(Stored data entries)
::::::::
text \<open>x_{k+1} = J_A(y_k) = y_k - (tilde A) x_{k+1}.\<close>
definition xseq :: "(nat \<Rightarrow> nat \<Rightarrow> real) \<Rightarrow> (nat \<Rightarrow> 'a::real_vector) \<Rightarrow> 'a \<Rightarrow> nat \<Rightarrow> 'a" where
  "xseq H g y0 k = yseq H g y0 (k - 1) - g k"

fun Useq :: "(nat \<Rightarrow> real) \<Rightarrow> (nat \<Rightarrow> 'a::real_inner) \<Rightarrow> (nat \<Rightarrow> 'a) \<Rightarrow> nat \<Rightarrow> real" where
  "Useq u x g 0 = 0"
| "Useq u x g (Suc 0) = 0"
| "Useq u x g (Suc (Suc j)) = Useq u x g (Suc j)
      - u (Suc j) * inner (x (Suc (Suc j)) - x (Suc j)) (g (Suc (Suc j)) - g (Suc j))"

text \<open>Dual Lyapunov sequence, indexed downward: Vrec m = V_{N-1-m}; V_{N-1} = 0,
  V_j = V_{j+1} + v_{j+1} <x_N - x_{j+1}, g_N - g_{j+1}>.\<close>
primrec Vrec :: "nat \<Rightarrow> (nat \<Rightarrow> real) \<Rightarrow> (nat \<Rightarrow> 'a::real_inner) \<Rightarrow> (nat \<Rightarrow> 'a) \<Rightarrow> nat \<Rightarrow> real" where
  "Vrec N v x g 0 = 0"
| "Vrec N v x g (Suc m) = Vrec N v x g m
      + v (N - 1 - m) * inner (x N - x (N - 1 - m)) (g N - g (N - 1 - m))"

definition Vseq :: "nat \<Rightarrow> (nat \<Rightarrow> real) \<Rightarrow> (nat \<Rightarrow> 'a::real_inner) \<Rightarrow> (nat \<Rightarrow> 'a) \<Rightarrow> nat \<Rightarrow> real" where
  "Vseq N v x g j = Vrec N v x g (N - 1 - j)"

end

(*
  Substituting
  G_j = g_N + (SUM l = 1..N-j. v_l (g_N - g_l)) for 1 <= j <= N-1 and G_N = g_N, an invertible
  change of variables since all v_l are nonzero, turns the dual form for H^A into the primal
  form for H.  Because u_k v_{N-k} = 1, the increments satisfy u_k (G_{k+1} - G_k) = g_{N-k} - g_N:
  the squared terms then agree after reversing the summation index, and the cross terms agree
  after reflecting the triangle {j <= k} in its anti-diagonal, which is exactly how H^A arises
  from H.
*)

theory Submission
  imports Defs
begin

definition row_comb :: "(nat \<Rightarrow> nat \<Rightarrow> real) \<Rightarrow> (nat \<Rightarrow> 'a::real_vector) \<Rightarrow> nat \<Rightarrow> 'a" where
  "row_comb H g k = (\<Sum>j=1..k. H k j *\<^sub>R g j)"

lemma yseq_Suc_eq: "yseq H g y0 (Suc k) = yseq H g y0 k - 2 *\<^sub>R row_comb H g (Suc k)"
  unfolding row_comb_def One_nat_def sum.atLeast1_atMost_eq lessThan_Suc_atMost
  by (simp add: scaleR_sum_right mult.commute)

lemma yseq_diff:
  "a \<le> b \<Longrightarrow> yseq H g y0 b - yseq H g y0 a = - 2 *\<^sub>R (\<Sum>k=Suc a..b. row_comb H g k)"
  by (induction b rule: dec_induct) (simp_all add: yseq_Suc_eq algebra_simps del: yseq.simps(2))

lemma xseq_diff:
  "1 \<le> a \<Longrightarrow> a \<le> b \<Longrightarrow>
    xseq H g y0 b - xseq H g y0 a = - 2 *\<^sub>R (\<Sum>k=a..b-1. row_comb H g k) - (g b - g a)"
  using yseq_diff[of "a - 1" "b - 1" H g y0] by (simp add: xseq_def algebra_simps)

lemma xseq_minus_y0: "1 \<le> b \<Longrightarrow> xseq H g y0 b - y0 = - 2 *\<^sub>R (\<Sum>k=1..b-1. row_comb H g k) - g b"
  using yseq_diff[of 0 "b - 1" H g y0] by (simp add: xseq_def algebra_simps)

lemma Useq_Suc_eq_sum:
  "Useq u x g (Suc m) = - (\<Sum>k=1..m. u k * inner (x (Suc k) - x k) (g (Suc k) - g k))"
  by (induction m) auto

lemma Vrec_eq_sum:
  "M < N \<Longrightarrow> Vrec N v x g M = (\<Sum>m=N-M..N-1. v m * inner (x N - x m) (g N - g m))"
proof (induction M)
  case 0
  then show ?case by simp
next
  case (Suc M)
  then have "{N - Suc M..N - 1} = insert (N - 1 - M) {N - M..N - 1}"
    by auto
  with Suc show ?case by simp
qed

lemma Vseq_0_eq_sum:
  "1 \<le> N \<Longrightarrow> Vseq N v x g 0 = (\<Sum>m=1..N-1. v m * inner (x N - x m) (g N - g m))"
  unfolding Vseq_def by (subst Vrec_eq_sum) auto

lemma sum_triangle_swap:
  "(\<Sum>m=1..(n::nat). \<Sum>i=m..n. f m i) = (\<Sum>i=1..n. \<Sum>m=1..i. f m i :: 'a::comm_monoid_add)"
  by (simp add: sum.Sigma) (rule sum.reindex_bij_witness[where i=prod.swap and j=prod.swap]; auto)

lemma sum_triangle_reflect:
  "(\<Sum>k=1..n. \<Sum>j=1..k. f k j) = (\<Sum>i=1..n. \<Sum>j=1..i. f (Suc n - j) (Suc n - i) :: 'a::comm_monoid_add)"
  by (simp add: sum.Sigma)
    (rule sum.reindex_bij_witness[where i="\<lambda>(i, j). (Suc n - j, Suc n - i)"
                                    and j="\<lambda>(k, j). (Suc n - j, Suc n - k)"]; auto)

definition primal_residual ::
    "nat \<Rightarrow> (nat \<Rightarrow> real) \<Rightarrow> (nat \<Rightarrow> nat \<Rightarrow> real) \<Rightarrow> real \<Rightarrow> (nat \<Rightarrow> 'a::real_inner) \<Rightarrow> 'a \<Rightarrow> real" where
  "primal_residual N u H \<tau> g y0 =
     Useq u (xseq H g y0) g N - \<tau> * (norm (g N))\<^sup>2 - inner (g N) (xseq H g y0 N - y0)"

definition dual_residual ::
    "nat \<Rightarrow> (nat \<Rightarrow> real) \<Rightarrow> (nat \<Rightarrow> nat \<Rightarrow> real) \<Rightarrow> real \<Rightarrow> (nat \<Rightarrow> 'a::real_inner) \<Rightarrow> 'a \<Rightarrow> real" where
  "dual_residual N v H \<tau> g y0 =
     - Vseq N v (xseq H g y0) g 0 - \<tau> * (norm (g N))\<^sup>2 - inner (g N) (xseq H g y0 N - y0)"

lemma inner_xseq_minus_y0:
  "1 \<le> N \<Longrightarrow> inner (g N) (xseq H g y0 N - y0)
     = - 2 * inner (\<Sum>k=1..N-1. row_comb H g k) (g N) - (norm (g N))\<^sup>2"
  by (simp add: xseq_minus_y0 inner_diff_right power2_norm_eq_inner inner_commute)

lemma inner_xseq_diff:
  "1 \<le> a \<Longrightarrow> a \<le> b \<Longrightarrow> inner (xseq H g y0 b - xseq H g y0 a) (g b - g a)
     = - 2 * inner (\<Sum>k=a..b-1. row_comb H g k) (g b - g a) - (norm (g b - g a))\<^sup>2"
  by (simp add: xseq_diff inner_diff_left power2_norm_eq_inner)

lemma primal_residual_eq:
  fixes g :: "nat \<Rightarrow> 'a::real_inner"
  assumes "1 \<le> N"
  shows "primal_residual N u H \<tau> g y0
     = (\<Sum>k=1..N-1. u k * (norm (g (Suc k) - g k))\<^sup>2) + (1 - \<tau>) * (norm (g N))\<^sup>2
       + 2 * (\<Sum>k=1..N-1. inner (row_comb H g k) (u k *\<^sub>R (g (Suc k) - g k) + g N))"
proof -
  let ?x = "xseq H g y0"
  have step: "- (u k * inner (?x (Suc k) - ?x k) (g (Suc k) - g k))
      = u k * (norm (g (Suc k) - g k))\<^sup>2 + 2 * (u k * inner (row_comb H g k) (g (Suc k) - g k))"
    if "1 \<le> k" for k
    unfolding inner_xseq_diff[OF that le_SucI[OF order_refl]] by (simp add: algebra_simps)
  obtain M where N: "N = Suc M" using assms by (cases N) auto
  have U: "Useq u ?x g N = (\<Sum>k=1..M. u k * (norm (g (Suc k) - g k))\<^sup>2)
      + 2 * (\<Sum>k=1..M. u k * inner (row_comb H g k) (g (Suc k) - g k))"
    unfolding N Useq_Suc_eq_sum sum_negf[symmetric] using step
    by (simp add: sum.distrib sum_distrib_left)
  have cross: "(\<Sum>k=1..M. inner (row_comb H g k) (u k *\<^sub>R (g (Suc k) - g k) + g N))
      = (\<Sum>k=1..M. u k * inner (row_comb H g k) (g (Suc k) - g k))
        + inner (\<Sum>k=1..M. row_comb H g k) (g N)"
    by (simp add: inner_add_right inner_sum_left sum.distrib)
  show ?thesis
    unfolding primal_residual_def inner_xseq_minus_y0[OF assms]
    unfolding N diff_Suc_1 unfolding N[symmetric] U cross by (simp add: algebra_simps)
qed

lemma dual_residual_eq:
  fixes g :: "nat \<Rightarrow> 'a::real_inner"
  assumes "1 \<le> N"
  shows "dual_residual N v H \<tau> g y0
     = (\<Sum>m=1..N-1. v m * (norm (g N - g m))\<^sup>2) + (1 - \<tau>) * (norm (g N))\<^sup>2
       + 2 * (\<Sum>i=1..N-1. inner (row_comb H g i) (g N + (\<Sum>m=1..i. v m *\<^sub>R (g N - g m))))"
proof -
  let ?x = "xseq H g y0"
  have step: "- (v m * inner (?x N - ?x m) (g N - g m))
      = v m * (norm (g N - g m))\<^sup>2 + 2 * (\<Sum>i=m..N-1. v m * inner (row_comb H g i) (g N - g m))"
    if "1 \<le> m" "m \<le> N - 1" for m
    using that unfolding inner_xseq_diff[OF that(1) le_trans[OF that(2) diff_le_self]]
    by (simp add: inner_sum_left sum_distrib_left sum_subtractf sum_negf algebra_simps)
  have V: "- Vseq N v ?x g 0 = (\<Sum>m=1..N-1. v m * (norm (g N - g m))\<^sup>2)
      + 2 * (\<Sum>m=1..N-1. \<Sum>i=m..N-1. v m * inner (row_comb H g i) (g N - g m))"
    unfolding Vseq_0_eq_sum[OF assms] sum_negf[symmetric]
    using step by (simp add: sum.distrib sum_distrib_left)
  have cross: "(\<Sum>i=1..N-1. inner (row_comb H g i) (g N + (\<Sum>m=1..i. v m *\<^sub>R (g N - g m))))
      = (\<Sum>m=1..N-1. \<Sum>i=m..N-1. v m * inner (row_comb H g i) (g N - g m))
        + inner (\<Sum>i=1..N-1. row_comb H g i) (g N)"
    unfolding sum_triangle_swap
    by (simp add: inner_add_right inner_sum_left inner_sum_right sum.distrib)
  show ?thesis
    unfolding dual_residual_def inner_xseq_minus_y0[OF assms] V cross by (simp add: algebra_simps)
qed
::::::::
Only one stretch of the records above is wanted: the lines between the one holding "2 * (\<Sum>i=1..N-1." and the one holding "unfolding Vseq_0_eq_sum[OF assms]", inclusive, reproduced exactly.

       + 2 * (\<Sum>i=1..N-1. inner (row_comb H g i) (g N + (\<Sum>m=1..i. v m *\<^sub>R (g N - g m))))"
proof -
  let ?x = "xseq H g y0"
  have step: "- (v m * inner (?x N - ?x m) (g N - g m))
      = v m * (norm (g N - g m))\<^sup>2 + 2 * (\<Sum>i=m..N-1. v m * inner (row_comb H g i) (g N - g m))"
    if "1 \<le> m" "m \<le> N - 1" for m
    using that unfolding inner_xseq_diff[OF that(1) le_trans[OF that(2) diff_le_self]]
    by (simp add: inner_sum_left sum_distrib_left sum_subtractf sum_negf algebra_simps)
  have V: "- Vseq N v ?x g 0 = (\<Sum>m=1..N-1. v m * (norm (g N - g m))\<^sup>2)
      + 2 * (\<Sum>m=1..N-1. \<Sum>i=m..N-1. v m * inner (row_comb H g i) (g N - g m))"
    unfolding Vseq_0_eq_sum[OF assms] sum_negf[symmetric]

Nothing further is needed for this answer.